Problem statement: Beneath this task are records; print exactly the stretch of them from the line with "E = image_mset" through the line with "(\<exists>(V :: nat", both ends included.

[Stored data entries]
************
(* For every tree sequence $\pi$, the class $\mathcal{T}_\pi$ contains a BFD-tree, and any two BFD-trees in $\mathcal{T}_\pi$ are isomorphic.
   Context: A tree sequence is the degree sequence of some tree; $\mathcal{T}_\pi$ is the set of all trees with degree sequence $\pi$. For a connected graph with a chosen root $v_0$, a child of a vertex $w$ is a neighbor $v$ of $w$ with $\mathrm{dist}(v_0,v)=\mathrm{dist}(v_0,w)+1$. A BFD-ordering with root $v_0$ is a total ordering $\prec$ of the vertices arising from a breadth-first search starting at $v_0$ (so $v_0$ is first and vertices closer to $v_0$ precede vertices farther from $v_0$) such that: (B1) if $w_1\prec w_2$ then $v_1\prec v_2$ for every child $v_1$ of $w_1$ and every child $v_2$ of $w_2$; (B2) if $v\prec u$ then $d(v)\ge d(u)$, where $d$ denotes degree. A BFD-tree is a tree admitting a BFD-ordering for some root. *)

theory Defs
  imports Main "HOL-Library.Multiset"
begin

definition graph :: "'a set \<Rightarrow> ('a \<Rightarrow> 'a \<Rightarrow> bool) \<Rightarrow> bool" where
  "graph V E \<longleftrightarrow> finite V \<and> (\<forall>u v. E u v \<longrightarrow> E v u) \<and> (\<forall>v. \<not> E v v)
     \<and> (\<forall>u v. E u v \<longrightarrow> u \<in> V \<and> v \<in> V)"

definition connected_graph :: "'a set \<Rightarrow> ('a \<Rightarrow> 'a \<Rightarrow> bool) \<Rightarrow> bool" where
  "connected_graph V E \<longleftrightarrow> (\<forall>u\<in>V. \<forall>v\<in>V. E\<^sup>*\<^sup>* u v)"

definition has_cycle :: "'a set \<Rightarrow> ('a \<Rightarrow> 'a \<Rightarrow> bool) \<Rightarrow> bool" where
  "has_cycle V E \<longleftrightarrow> (\<exists>vs. 3 \<le> length vs \<and> distinct vs \<and> set vs \<subseteq> V \<and>
      (\<forall>i < length vs. E (vs ! i) (vs ! ((i + 1) mod length vs))))"

definition tree :: "'a set \<Rightarrow> ('a \<Rightarrow> 'a \<Rightarrow> bool) \<Rightarrow> bool" where
  "tree V E \<longleftrightarrow> graph V E \<and> V \<noteq> {} \<and> connected_graph V E \<and> \<not> has_cycle V E"

definition deg :: "'a set \<Rightarrow> ('a \<Rightarrow> 'a \<Rightarrow> bool) \<Rightarrow> 'a \<Rightarrow> nat" where
  "deg V E v = card {u \<in> V. E v u}"

definition degree_sequence :: "'a set \<Rightarrow> ('a \<Rightarrow> 'a \<Rightarrow> bool) \<Rightarrow> nat multiset" where
  "degree_sequence V E = image_mset (deg V E) (mset_set V)"

definition tree_sequence :: "nat multiset \<Rightarrow> bool" where
  "tree_sequence \<pi> \<longleftrightarrow> (\<exists>(V :: nat set) E. tree V E \<and> degree_sequence V E = \<pi>)"
(* Let $R_n(x)=\sum_{k=0}^nR_{n,k}x^k$ for $n\ge1$. Then for every $n\ge1$, $R_n(x)$ has only real zeros, all lying in $[-1,0)$, and $R_n(x)$ separates $R_{n+1}(x)$. More precisely, $x=-1$ is a zero of $R_n(x)$ of multiplicity $\lfloor n/2\rfloor+1$, and $R_n(x)$ has $\lceil n/2\rceil-1$ further zeros, which are simple.
   Context: Let $D$ be the derivation of $\mathbb{Q}[y,z]$ with $D(y)=z^2$, $D(z)=yz$ (corresponding to $d/dx$ with $y=\tan x$, $z=\sec x$). The integers $R_{n,k}$ are defined for $n\ge1$ by $D^n(y+z)=\sum_{k=0}^nR_{n,k}y^{n-k}z^{k+1}$ in $\mathbb{Q}[y,z]$. Equivalently, $R_1(x)=1+x$ and $R_{n+1}(x)=(1+nx^2)R_n(x)+x(1-x^2)R_n'(x)$ for $n\ge1$. For real polynomials $f,F$ with only real zeros, with zeros $r_1\ge r_2\ge\cdots$ of $f$ and $s_1\ge s_2\ge\cdots$ of $F$ (listed with multiplicity), $f$ separates $F$ means $\deg f\le\deg F\le\deg f+1$ and $s_1\ge r_1\ge s_2\ge r_2\ge s_3\ge r_3\ge\cdots$. *)

theory Defs
  imports "HOL-Computational_Algebra.Polynomial"
begin

text \<open>The polynomials R_n(x), n \<ge> 1, via the recurrence
  R_1(x) = 1 + x,  R_{n+1}(x) = (1 + n x^2) R_n(x) + x (1 - x^2) R_n'(x).
  The value at index 0 is an unused dummy.\<close>
fun R :: "nat \<Rightarrow> real poly" where
  "R 0 = 0"
| "R (Suc 0) = [:1, 1:]"
| "R (Suc (Suc n)) =
     [:1, 0, real (Suc n):] * R (Suc n) + [:0, 1, 0, -1:] * pderiv (R (Suc n))"

definition only_real_zeros :: "real poly \<Rightarrow> bool" where
  "only_real_zeros f \<longleftrightarrow> f \<noteq> 0 \<and>
     (\<forall>z::complex. poly (map_poly of_real f) z = 0 \<longrightarrow> z \<in> \<real>)"
(* Let $K$ be a field and let $f\colon R\to S$ be a morphism of Zinbiel algebras over $K$. For $i=1,2$, the maps $d^i_f\colon C^i_{\mathrm{Zinb}}(f,f)\to C^{i+1}_{\mathrm{Zinb}}(f,f)$ defined below satisfy $d^{i+1}_f\circ d^i_f=0$.
   Context: A Zinbiel algebra (dual Leibniz algebra) over $K$ is a $K$-vector space $R$ with a $K$-bilinear product $(x,y)\mapsto x\cdot y$ satisfying $(x\cdot y)\cdot z = x\cdot(y\cdot z)+x\cdot(z\cdot y)$ for all $x,y,z\in R$. A morphism $f\colon R\to S$ is a $K$-linear map with $f(x\cdot y)=f(x)\cdot f(y)$. An $R$-bimodule is a $K$-vector space $A$ with bilinear maps $R\otimes A\to A$, $A\otimes R\to A$ such that the Zinbiel identity holds whenever exactly one of $x,y,z$ lies in $A$ and the others in $R$. $R$ is an $R$-bimodule via its product, $S$ is an $S$-bimodule via its product, and $S$ is an $R$-bimodule via $r\cdot s=f(r)\cdot s$, $s\cdot r=s\cdot f(r)$. For an $R$-bimodule $A$ and $1\le n\le 4$ put $C^n_{\mathrm{Zinb}}(R,A)=\mathrm{Hom}_K(R^{\otimes n},A)$, and define $d^i\colon C^i_{\mathrm{Zinb}}(R,A)\to C^{i+1}_{\mathrm{Zinb}}(R,A)$ for $i=1,2,3$ by $(d^1\varphi)(x,y)=x\cdot\varphi(y)-\varphi(x\cdot y)+\varphi(x)\cdot y$, $(d^2\varphi)(x,y,z)=x\cdot(\varphi(y,z)+\varphi(z,y))-\varphi(x\cdot y,z)+\varphi(x,y\cdot z+z\cdot y)-\varphi(x,y)\cdot z$, $(d^3\varphi)(x,y,z,w)=x\cdot\{\varphi(y,z,w)-\varphi(z,w,y)+\varphi(z,y,w)-\varphi(w,z,y)\}-\varphi(x\cdot y,z,w)+\varphi(x,y\cdot z+z\cdot y,w)-\varphi(x,y,z\cdot w+w\cdot z)+\varphi(x,y,z)\cdot w$. Set $C^0_{\mathrm{Zinb}}(R,S)=0$ and $d^0=0$. For $1\le n\le 4$ let $C^n_{\mathrm{Zinb}}(f,f)=C^n_{\mathrm{Zinb}}(R,R)\times C^n_{\mathrm{Zinb}}(S,S)\times C^{n-1}_{\mathrm{Zinb}}(R,S)$ and for $1\le i\le 3$ define $d^i_f(\xi;\pi;\varphi)=(d^i\xi;\,d^i\pi;\,f\xi-\pi f-d^{i-1}\varphi)$, where $(f\xi)(x_1,\dots,x_i)=f(\xi(x_1,\dots,x_i))$ and $(\pi f)(x_1,\dots,x_i)=\pi(f(x_1),\dots,f(x_i))$ for $x_j\in R$, and $d^{i-1}\varphi$ is computed in $C^*_{\mathrm{Zinb}}(R,S)$ with $S$ an $R$-bimodule via $f$. *)

theory Defs
  imports Complex_Main
begin

text \<open>Hom_K(V^{\<otimes>n}, A) is identified with K-multilinear maps V^n \<rightarrow> A (curried).\<close>

definition bilin :: "('k::field \<Rightarrow> 'a::ab_group_add \<Rightarrow> 'a) \<Rightarrow> ('k \<Rightarrow> 'b::ab_group_add \<Rightarrow> 'b)
    \<Rightarrow> ('k \<Rightarrow> 'c::ab_group_add \<Rightarrow> 'c) \<Rightarrow> ('a \<Rightarrow> 'b \<Rightarrow> 'c) \<Rightarrow> bool" where
  "bilin s1 s2 s3 g \<longleftrightarrow> (\<forall>x. Vector_Spaces.linear s2 s3 (g x))
                          \<and> (\<forall>y. Vector_Spaces.linear s1 s3 (\<lambda>x. g x y))"
(* Let $\mathcal{D}\subset\mathbb{R}^d$ be a bounded domain, and let $\mathrm{Re}>0$, $\mathrm{We}>0$, $\varepsilon\in(0,1)$. Let $(\mathbf{u},p,\boldsymbol{\tau})$ be a regular (smooth) solution on $[0,\infty)\times\mathcal{D}$ of the Oldroyd-B system $$\mathrm{Re}\left(\frac{\partial \mathbf{u}}{\partial t}+\mathbf{u}\cdot\nabla\mathbf{u}\right)=(1-\varepsilon)\Delta\mathbf{u}-\nabla p+\operatorname{div}\boldsymbol{\tau},\qquad \operatorname{div}\mathbf{u}=0,$$ $$\frac{\partial \boldsymbol{\tau}}{\partial t}+\mathbf{u}\cdot\nabla\boldsymbol{\tau}=\nabla\mathbf{u}\,\boldsymbol{\tau}+\boldsymbol{\tau}(\nabla\mathbf{u})^T-\frac{1}{\mathrm{We}}\boldsymbol{\tau}+\frac{\varepsilon}{\mathrm{We}}\left(\nabla\mathbf{u}+(\nabla\mathbf{u})^T\right),$$ with $\mathbf{u}=0$ on $\partial\mathcal{D}$, and let $\mathbf{A}=\frac{\mathrm{We}}{\varepsilon}\boldsymbol{\tau}+\mathbf{I}$ be the conformation tensor, so that $$\frac{\partial \mathbf{A}}{\partial t}+\mathbf{u}\cdot\nabla\mathbf{A}=\nabla\mathbf{u}\,\mathbf{A}+\mathbf{A}(\nabla\mathbf{u})^T-\frac{1}{\mathrm{We}}\mathbf{A}+\frac{1}{\mathrm{We}}\mathbf{I}.$$ Assume $\mathbf{A}(t=0)$ is a symmetric positive definite matrix at every point of $\mathcal{D}$ and that $\det\mathbf{A}(t=0)>1$ on $\mathcal{D}$. Then for all $t\ge 0$, $\det\mathbf{A}(t)>1$ on $\mathcal{D}$, and consequently $\operatorname{tr}\boldsymbol{\tau}(t)>0$ on $\mathcal{D}$.
   Context: $\nabla\mathbf{u}$ denotes the velocity gradient matrix, $\mathbf{I}$ the $d\times d$ identity matrix. It is assumed that the solution is regular enough that $\mathbf{A}(t)$ stays symmetric positive definite for all $t\ge0$ (this property is propagated by the equation for $\mathbf{A}$). *)

theory Defs
  imports "HOL-Analysis.Analysis"
begin

text \<open>Fields are functions of the space-time point z = (t, x), t real, x in R^d,
  where R^d is modelled as real^'n (d = CARD('n)).
  Matrices are real^'n^'n; M $ i $ j is the (i,j) entry.\<close>

type_synonym 'n stp = "real \<times> (real^'n)"

definition C1_on ::
  "('a::real_normed_vector \<Rightarrow> 'b::real_normed_vector) \<Rightarrow> ('a \<Rightarrow> 'a \<Rightarrow>\<^sub>L 'b) \<Rightarrow> 'a set \<Rightarrow> bool" where
  "C1_on f f' S \<longleftrightarrow>
     (\<forall>z\<in>S. (f has_derivative blinfun_apply (f' z)) (at z within S)) \<and> continuous_on S f'"

definition C2_on ::
  "('a::real_normed_vector \<Rightarrow> 'b::real_normed_vector) \<Rightarrow> ('a \<Rightarrow> 'a \<Rightarrow>\<^sub>L 'b)
     \<Rightarrow> ('a \<Rightarrow> 'a \<Rightarrow>\<^sub>L ('a \<Rightarrow>\<^sub>L 'b)) \<Rightarrow> 'a set \<Rightarrow> bool" where
  "C2_on f f' f'' S \<longleftrightarrow> C1_on f f' S \<and> C1_on f' f'' S"

definition tdir :: "('n::finite) stp" where "tdir = (1, 0)"
definition xdir :: "('n::finite) \<Rightarrow> 'n stp" where "xdir j = (0, axis j 1)"
lemmas quat_defs = quat_eq_iff zero_quat_def one_quat_def plus_quat_def minus_quat_def
  uminus_quat_def times_quat_def qcnj_def quat_of_real_def qnorm_sq_def

lemma qnorm_sq_eq_0_iff: "qnorm_sq q = 0 \<longleftrightarrow> q = 0"
  by (simp add: quat_defs add_nonneg_eq_0_iff)

lemma qnorm_sq_mult: "qnorm_sq (p * q) = qnorm_sq p * qnorm_sq q"
  by (simp add: qnorm_sq_def times_quat_def power2_eq_square algebra_simps)

lemma qnorm_eq_iff: "qnorm a = qnorm b \<longleftrightarrow> qnorm_sq a = qnorm_sq b"
  by (simp add: qnorm_def qnorm_sq_def)

lemma quat_of_real_mult: "quat_of_real u * quat_of_real v = quat_of_real (u * v)"
  by (simp add: quat_defs)

lemma quat_of_real_commute: "quat_of_real u * q = q * quat_of_real u"
  by (simp add: quat_defs)

lemma quat_reals_iff: "q \<in> quat_reals \<longleftrightarrow> qI q = 0 \<and> qJ q = 0 \<and> qK q = 0"
  by (cases q) (auto simp: quat_reals_def quat_of_real_def)

lemma qcnj_mult_self: "qcnj q * q = quat_of_real (qnorm_sq q)"
  by (simp add: quat_defs power2_eq_square algebra_simps)

lemma mult_qcnj_self: "q * qcnj q = quat_of_real (qnorm_sq q)"
  by (simp add: quat_defs power2_eq_square algebra_simps)

lemma qcnj_qcnj [simp]: "qcnj (qcnj q) = q"
  by (simp add: quat_defs)

lemma qcnj_eq_self_iff: "qcnj q = q \<longleftrightarrow> q \<in> quat_reals"
  by (auto simp: quat_reals_iff quat_defs)

lemma qRe_mult_commute: "qRe (p * q) = qRe (q * p)"
  by (simp add: times_quat_def)

instantiation quat :: division_ring
begin

definition "inverse q = quat_of_real (1 / qnorm_sq q) * qcnj q" for q :: quat

definition "p div q = p * inverse q" for p q :: quat

instance
proof
  fix q :: quat
  assume "q \<noteq> 0"
  then have n: "qnorm_sq q \<noteq> 0" by (simp add: qnorm_sq_eq_0_iff)
  show "inverse q * q = 1"
    using n by (simp add: inverse_quat_def mult.assoc qcnj_mult_self quat_of_real_mult)
      (simp add: quat_defs)
  show "q * inverse q = 1"
    using n by (simp add: inverse_quat_def mult.assoc[symmetric] quat_of_real_commute)
      (simp add: mult.assoc mult_qcnj_self quat_of_real_mult quat_defs power2_eq_square)
qed (simp_all add: inverse_quat_def divide_quat_def quat_defs)

end

definition similar :: "quat \<Rightarrow> quat \<Rightarrow> bool" where
  "similar a b \<longleftrightarrow> qRe a = qRe b \<and> qnorm_sq a = qnorm_sq b"

lemma similar_qcnj: "similar (qcnj a) a"
  by (simp add: similar_def quat_defs)

lemma similar_real_eq: "similar a b \<Longrightarrow> b \<in> quat_reals \<Longrightarrow> a = b"
  by (auto simp: similar_def quat_reals_iff qnorm_sq_def quat_eq_iff add_nonneg_eq_0_iff)

lemma similar_conjugate:
  assumes "h \<noteq> 0"
  shows "similar (h * c * inverse h) c"
proof -
  have "qRe (h * c * inverse h) = qRe (inverse h * h * c)"
    by (metis qRe_mult_commute mult.assoc)
  moreover have "qnorm_sq h * qnorm_sq (inverse h) = 1"
    using assms qnorm_sq_mult[of h "inverse h"] by (simp add: qnorm_sq_def one_quat_def)
  ultimately show ?thesis
    using assms by (simp add: similar_def qnorm_sq_mult)
qed

lemma quat_quadratic: "q * q = quat_of_real (2 * qRe q) * q - quat_of_real (qnorm_sq q)"
  by (simp add: quat_defs power2_eq_square algebra_simps)

lemma qcnj_eq: "qcnj q = quat_of_real (2 * qRe q) - q"
  by (simp add: quat_defs)

lemma similar_diff_mult_self:
  assumes "similar c a"
  shows "(c - a) * c = qcnj a * (c - a)"
proof -
  have "c * c = quat_of_real (2 * qRe a) * c - quat_of_real (qnorm_sq a)"
    using quat_quadratic[of c] assms by (simp add: similar_def)
  then show ?thesis
    by (simp add: algebra_simps qcnj_eq quat_quadratic[of a])
qed

(* In H[x] this says (x - t)(x - a) = (x - (t + a - t'))(x - t'); the new right factor t'
   is t conjugated by t - conj a. *)
lemma similar_factor_exchange:
  assumes "\<not> similar t a"
  obtains t' where "similar t' t" and "(t + a - t') * t' = t * a"
proof -
  define h where "h = t - qcnj a"
  have "h \<noteq> 0"
    using assms similar_qcnj[of a] by (auto simp: h_def)
  define t' where "t' = h * t * inverse h"
  have t'h: "t' * h = h * t"
    using \<open>h \<noteq> 0\<close> by (simp add: t'_def mult.assoc)
  have "(t + a - t') * t' * h = (t + a - t') * (h * t)"
    by (simp add: mult.assoc t'h)
  also have "\<dots> = ((t + a) * h - t' * h) * t"
    by (simp add: algebra_simps)
  also have "\<dots> = ((t + a) * h - h * t) * t"
    by (simp only: t'h)
  also have "\<dots> = t * a * h"
    by (simp add: h_def quat_defs algebra_simps)
  finally have "(t + a - t') * t' = t * a"
    using \<open>h \<noteq> 0\<close> by simp
  with similar_conjugate[OF \<open>h \<noteq> 0\<close>] show thesis
    by (auto simp: t'_def intro: that)
qed

lemma intertwining_step:
  assumes "g \<noteq> 0" and "g * b = c * g" and "c \<noteq> a"
  obtains c' where "g * b - a * g \<noteq> 0" and "(g * b - a * g) * b = c' * (g * b - a * g)"
    and "similar c' c" and "similar c a \<Longrightarrow> c' = qcnj a"
proof -
  define h where "h = c - a"
  have "h \<noteq> 0" using assms(3) by (simp add: h_def)
  define c' where "c' = h * c * inverse h"
  have hc: "h * c = c' * h"
    using \<open>h \<noteq> 0\<close> by (simp add: c'_def mult.assoc)
  have hg: "g * b - a * g = h * g"
    using assms(2) by (simp add: h_def left_diff_distrib)
  show thesis
  proof
    show "g * b - a * g \<noteq> 0"
      using \<open>h \<noteq> 0\<close> assms(1) by (simp add: hg)
    show "(g * b - a * g) * b = c' * (g * b - a * g)"
    proof -
      have "(h * g) * b = (h * c) * g"
        by (simp add: mult.assoc assms(2))
      then show ?thesis
        by (simp add: hg hc mult.assoc)
    qed
    show "similar c' c"
      unfolding c'_def using \<open>h \<noteq> 0\<close> by (rule similar_conjugate)
    show "c' = qcnj a" if "similar c a"
    proof -
      have "h * c = qcnj a * h"
        using similar_diff_mult_self[OF that] by (simp add: h_def)
      then have "c' * h = qcnj a * h"
        by (simp add: hc)
      then show ?thesis using \<open>h \<noteq> 0\<close> by simp
    qed
  qed
qed

section \<open>Polynomials over the quaternions\<close>

lemma Sum_any_when_add_eq:
  fixes f :: "nat \<Rightarrow> 'a::comm_monoid_add"
  shows "Sum_any (\<lambda>q. f q when k = l + q) = (f (k - l) when l \<le> k)"
proof -
  have "(\<lambda>q. (f q when k = l + q)) = (\<lambda>q. if q = k - l then (f q when l \<le> k) else 0)"
    by (auto simp: fun_eq_iff when_def)
  then show ?thesis by (simp only: Sum_any.delta)
qed

lemma lookup_mult_single_right:
  fixes p :: "nat \<Rightarrow>\<^sub>0 'a::semiring_0"
  shows "Poly_Mapping.lookup (p * Poly_Mapping.single d c) k
       = (if d \<le> k then Poly_Mapping.lookup p (k - d) * c else 0)"
proof -
  have "(\<lambda>l. Poly_Mapping.lookup p l * ((c when d = k - l) when l \<le> k))
      = (\<lambda>l. if l = k - d then (Poly_Mapping.lookup p l * c when d \<le> k) else 0)"
    by (auto simp: fun_eq_iff when_def)
  then show ?thesis
    unfolding lookup_mult lookup_single Sum_any_when_add_eq
    by (simp only: Sum_any.delta) (simp add: when_def)
qed

lemma lookup_single_mult:
  fixes p :: "nat \<Rightarrow>\<^sub>0 'a::semiring_0"
  shows "Poly_Mapping.lookup (Poly_Mapping.single d c * p) k
       = (if d \<le> k then c * Poly_Mapping.lookup p (k - d) else 0)"
proof -
  have "(\<lambda>l. (c when d = l) * (Poly_Mapping.lookup p (k - l) when l \<le> k))
      = (\<lambda>l. if l = d then (c * Poly_Mapping.lookup p (k - d) when d \<le> k) else 0)"
    by (auto simp: fun_eq_iff when_def)
  then show ?thesis
    unfolding lookup_mult lookup_single Sum_any_when_add_eq
    by (simp only: Sum_any.delta) (simp add: when_def)
qed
************
Response to this exercise:
  "degree_sequence V E = image_mset (deg V E) (mset_set V)"

definition tree_sequence :: "nat multiset \<Rightarrow> bool" where
  "tree_sequence \<pi> \<longleftrightarrow> (\<exists>(V :: nat set) E. tree V E \<and> degree_sequence V E = \<pi>)"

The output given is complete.